SEC West Division champions

NIT, Second round
- Conference: Southeastern Conference
- West
- Record: 24–12 (9–7 SEC)
- Head coach: Rick Stansbury (12th season);
- Assistant coaches: Robert Kirby; Phil Cunningham; Marcus Grant;
- Home arena: Humphrey Coliseum

= 2009–10 Mississippi State Bulldogs basketball team =

American college basketball season

The 2009–10 Mississippi State Bulldogs men's basketball team represented Mississippi State University in the 2009–10 college basketball season.
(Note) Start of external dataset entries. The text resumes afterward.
lemma solves_at_pi_map:
  assumes "solves_at a q1 p1 q2 p2 t"
  shows "solves_at (- a)
    (\<lambda>s. c_q1 (pi_map (q1 s, p1 s, q2 s, p2 s, s, a))) (\<lambda>s. c_p1 (pi_map (q1 s, p1 s, q2 s, p2 s, s, a)))
    (\<lambda>s. c_q2 (pi_map (q1 s, p1 s, q2 s, p2 s, s, a))) (\<lambda>s. c_p2 (pi_map (q1 s, p1 s, q2 s, p2 s, s, a))) t"
proof -
  note derivs = solves_atD[OF assms]
  show ?thesis
    unfolding solves_at_def pi_map_def PP_def c_components prod.case
    by (intro conjI; (rule derivative_eq_intros derivs refl | simp)+; simp add: field_simps; algebra)
qed

lemma PP_has_derivative_along_solution:
  assumes "solves_at a q1 p1 q2 p2 t"
  shows "((\<lambda>s. PP (q1 s, p1 s, q2 s, p2 s, s, b)) has_field_derivative
           2 * q1 t * PP (q1 t, p1 t, q2 t, p2 t, t, b) + (2 * a + 1) / 2) (at t)"
  unfolding PP_def prod.case
  by (rule derivative_eq_intros solves_atD[OF assms] refl | simp)+ (simp add: field_simps, algebra)

lemma solves_at_s1_flow:
  assumes "solves_at a q1 p1 q2 p2 t"
    and "(v has_field_derivative (- 2 * q1 t * v t - v t ^ 2)) (at t)"
  shows "solves_at (a - 2 * v t * PP (q1 t, p1 t, q2 t, p2 t, t, b))
    (\<lambda>s. c_q1 (s1_flow (v s) (q1 s, p1 s, q2 s, p2 s, s, b)))
    (\<lambda>s. c_p1 (s1_flow (v s) (q1 s, p1 s, q2 s, p2 s, s, b)))
    (\<lambda>s. c_q2 (s1_flow (v s) (q1 s, p1 s, q2 s, p2 s, s, b)))
    (\<lambda>s. c_p2 (s1_flow (v s) (q1 s, p1 s, q2 s, p2 s, s, b))) t"
proof -
  note derivs = solves_atD[OF assms(1)] assms(2)
  show ?thesis
    unfolding solves_at_def s1_flow_def PP_def c_components prod.case
    by (intro conjI; (rule derivative_eq_intros derivs refl | simp)+; simp add: field_simps; algebra)
qed
(* Let $\mathbf A$ be a finite subdirectly irreducible cBCK-algebra, let $\mathcal K$ be a cover of $\mathcal V(\mathbf A)$ in the lattice of varieties of cBCK-algebras, and let $\mathbf B$ be a subdirectly irreducible member of $\mathcal K$. Then $\mathrm{h}(\mathbf B)\le \mathrm{h}(\mathbf A)+1$.
   Context: A BCK-algebra is an algebra $(A,\ominus,0)$ of type $(2,0)$ satisfying $((x\ominus y)\ominus(x\ominus z))\ominus(z\ominus y)=0$, $x\ominus 0=x$, $0\ominus x=0$, and ($x\ominus y=0$ and $y\ominus x=0$ imply $x=y$); it is ordered by $x\le y$ iff $x\ominus y=0$. A cBCK-algebra is a BCK-algebra satisfying $x\ominus(x\ominus y)=y\ominus(y\ominus x)$; cBCK-algebras form a variety. For an element $a$, $\mathrm{h}(a)=|[0,a]|-1$ (possibly infinite), and $\mathrm{h}(\mathbf B)=\sup\{\mathrm{h}(b)\mid b\in B\}$. $\mathcal V(\mathbf A)$ is the variety generated by $\mathbf A$. A cover of a variety $\mathcal V$ is a variety $\mathcal K\supsetneq\mathcal V$ such that no variety lies strictly between $\mathcal V$ and $\mathcal K$. *)

theory Defs
  imports Main "HOL-Library.Extended_Nat"
begin

record 'a alg =
  carrier :: "'a set"
  sub :: "'a \<Rightarrow> 'a \<Rightarrow> 'a"
  zer :: 'a

definition is_cBCK :: "'a alg \<Rightarrow> bool" where
  "is_cBCK A \<longleftrightarrow>
     zer A \<in> carrier A \<and>
     (\<forall>x\<in>carrier A. \<forall>y\<in>carrier A. sub A x y \<in> carrier A) \<and>
     (\<forall>x\<in>carrier A. \<forall>y\<in>carrier A. \<forall>z\<in>carrier A.
        sub A (sub A (sub A x y) (sub A x z)) (sub A z y) = zer A) \<and>
     (\<forall>x\<in>carrier A. sub A x (zer A) = x) \<and>
     (\<forall>x\<in>carrier A. sub A (zer A) x = zer A) \<and>
     (\<forall>x\<in>carrier A. \<forall>y\<in>carrier A.
        sub A x y = zer A \<longrightarrow> sub A y x = zer A \<longrightarrow> x = y) \<and>
     (\<forall>x\<in>carrier A. \<forall>y\<in>carrier A.
        sub A x (sub A x y) = sub A y (sub A y x))"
This was head coach Rick Stansbury's twelfth season at Mississippi State. The Bulldogs competed in the Southeastern Conference and played their home games at Humphrey Coliseum, nicknamed The Hump. They finished the season 24-12, 9-7 in SEC play. They advanced to the championship game where they were defeated by Kentucky in overtime. They were invited to the 2010 National Invitation Tournament where they advanced to the second round before being defeated by North Carolina.

== Previous season ==
The 2008–09 Bulldogs finished the season 23–13 (9–7 in SEC play). The Bulldogs won the 2009 SEC men's basketball tournament, allowing them to advance to the NCAA Tournament, where they lost to Washington in the Round of 64.

==Before the season==

===Departures===
Four players from the 2008–09 team did not return for this season.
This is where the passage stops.